The U.S. economic recovery has accelerated amid improvement in consumer spending, a housing recovery, and continued easy monetary policy, fueling speculation that a period of “a new normal,” or lasting stagnation that followed the financial crisis, is about to end.

“What you’ll see in next the few years is we’re going to head back to a new destination,” Scott Mather, one of Pacific Investment Management Co.’s six deputy chief investment officers, said in an April 25 Bloomberg Radio interview. The firm’s forecast for U.S. growth has increased to the high 2 percent level, “which is better than sub-2 percent level of growth that we’ve experienced for several years,” he said.

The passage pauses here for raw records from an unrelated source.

lemma PSD_row_zero_if_diag_zero:
  assumes X: "X \<in> PSD n" and "p \<in> {1..n}" "X p p = 0"
  shows "X p q = 0"
proof (cases "q \<in> {1..n} \<and> q \<noteq> p")
  case True
  have "X \<in> Sym n" using X by (simp add: PSD_def)
  then have "X p q = X q p" by (rule Sym_sym)
  from offdiag_zero_if_qform_nonneg[of p n q X, OF _ _ _ this] assms True PSD_qform_nonneg[OF X]
  show ?thesis by simp
next
  case False
  then consider "q = p" | "\<not> (1 \<le> p \<and> p \<le> n \<and> 1 \<le> q \<and> q \<le> n)" by fastforce
  then show ?thesis
    using assms by cases (auto simp: PSD_def intro: Sym_outside)
qed

lemma psd_face_0: "psd_face n 0 = PSD n"
  unfolding psd_face_def using Sym_outside by (fastforce simp: PSD_def)

lemma psd_face_mono: "k \<le> k' \<Longrightarrow> psd_face n k' \<subseteq> psd_face n k"
  by (auto simp: psd_face_def)

lemma outer_in_psd_face:
  fixes v :: "nat \<Rightarrow> real"
  assumes "\<And>r. r \<le> k \<or> n < r \<Longrightarrow> v r = 0"
  shows "(\<lambda>p q. v p * v q) \<in> psd_face n k"
proof -
  have "qform n (\<lambda>p q. v p * v q) w = (\<Sum>p=1..n. w p * v p)\<^sup>2" for w
    by (simp add: power2_eq_square sum_product mult_ac)
  moreover have "v p * v q = 0" if "\<not> (1 \<le> p \<and> p \<le> n \<and> 1 \<le> q \<and> q \<le> n) \<or> p \<le> k \<or> q \<le> k" for p q
    using assms that by (cases "p = 0"; cases "q = 0") auto
  ultimately show ?thesis
    by (auto simp: psd_face_def PSD_def Sym_def mult.commute)
qed

lemma tip_outer: "tip n Y (\<lambda>p q. v p * v q) = qform n Y v"
  by (simp add: tip_def mult_ac)

lemma dual_psd_face_offdiag_zero:
  assumes Y: "Y \<in> dual_cone n (psd_face n k)"
    and "a \<in> {k<..n}" "b \<in> {k<..n}" "a \<noteq> b" "Y a a = 0"
  shows "Y a b = 0"
proof (rule offdiag_zero_if_qform_nonneg[of a n b])
  fix v :: "nat \<Rightarrow> real"
  assume "\<And>r. r \<noteq> a \<Longrightarrow> r \<noteq> b \<Longrightarrow> v r = 0"
  then have "(\<lambda>p q. v p * v q) \<in> psd_face n k"
    using assms by (intro outer_in_psd_face) auto
  then show "0 \<le> qform n Y v"
    using Y tip_outer[of n Y v] by (auto simp: dual_cone_def)
next
  show "Y a b = Y b a" using Y unfolding dual_cone_def by (blast intro: Sym_sym)
qed (use assms in auto)

lemma psd_face_inter_perp:
  assumes "k \<le> k'" "k' \<le> n" "Y \<in> Sym n" "Y \<notin> orth n (psd_face n k)"
    and tipY: "\<And>X. X \<in> psd_face n k \<Longrightarrow> tip n Y X = d * (\<Sum>p\<in>{k<..k'}. X p p)"
  shows "psd_face n k \<inter> perp n Y = psd_face n k'"
proof -
  have "d \<noteq> 0"
  proof
    assume "d = 0"
    then have "Y \<in> orth n (psd_face n k)" using assms(3) tipY by (simp add: orth_def)
    with assms(4) show False ..
  qed
  show ?thesis
  proof (intro equalityI subsetI)
    fix X assume "X \<in> psd_face n k \<inter> perp n Y"
    then have X: "X \<in> psd_face n k" and "tip n Y X = 0" by (auto simp: perp_def)
    then have "(\<Sum>p\<in>{k<..k'}. X p p) = 0" using tipY \<open>d \<noteq> 0\<close> by simp
    moreover have PSD: "X \<in> PSD n" using X by (simp add: psd_face_def)
    moreover have "\<forall>p\<in>{k<..k'}. 0 \<le> X p p"
      using PSD_diag_nonneg[OF PSD] assms(2) by auto
    ultimately have diag: "X p p = 0" if "p \<in> {k<..k'}" for p
      using sum_nonneg_eq_0_iff[of "{k<..k'}" "\<lambda>p. X p p"] that by simp
    have row: "X p q = 0" if "p \<le> k'" for p q
    proof (cases "p \<le> k")
      case True then show ?thesis using X by (simp add: psd_face_def)
    next
      case False
      show ?thesis
        by (rule PSD_row_zero_if_diag_zero[OF PSD]) (use False that assms(2) diag in auto)
    qed
    have "X p q = 0" if "p \<le> k' \<or> q \<le> k'" for p q
      using that row[of p q] row[of q p] Sym_sym[of X n p q] PSD by (auto simp: PSD_def)
    then show "X \<in> psd_face n k'" using PSD by (simp add: psd_face_def)
  next
    fix X assume X': "X \<in> psd_face n k'"
    then have X: "X \<in> psd_face n k" using psd_face_mono assms(1) by blast
    have "tip n Y X = 0" using tipY[OF X] X' by (simp add: psd_face_def)
    then show "X \<in> psd_face n k \<inter> perp n Y" using X by (simp add: perp_def psd_face_def PSD_def)
  qed
qed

The term “new normal” was popularized in 2009 by Bill Gross, Pimco’s co-founder and chief investment officer, and former Chief Executive Officer Mohamed El-Erian to describe an era of lower returns, heightened government regulation, diminishing U.S. clout in the world economy and a bigger role for developing nations. The term was coined by Bloomberg News reporter Rich Miller.

Short Positions

Speculative short positions outnumbered long positions by 145,865 contracts on the Chicago Board of Trade for the week ending April 22. Investors have been betting on a decline since August, the data show.

Thirty-year bonds have rallied in April on the outlook for subdued inflation, while shorter-term notes lagged behind on speculation the Fed will raise interest rates at some point next year. Unrest in Ukraine increased demand for the relative safety of U.S. debt.

The difference between two- and 30-year yields narrowed to 2.99 percentage points on April 25, the least since June. The spread was 3.02 percentage points today.

“We’re expecting lower inflation for the next couple of years,” said Kazuaki Oh’e, a debt salesman at CIBC World Markets Japan Inc. in Tokyo. “That’s attractive for the longer end” of the maturity spectrum, Oh’e said.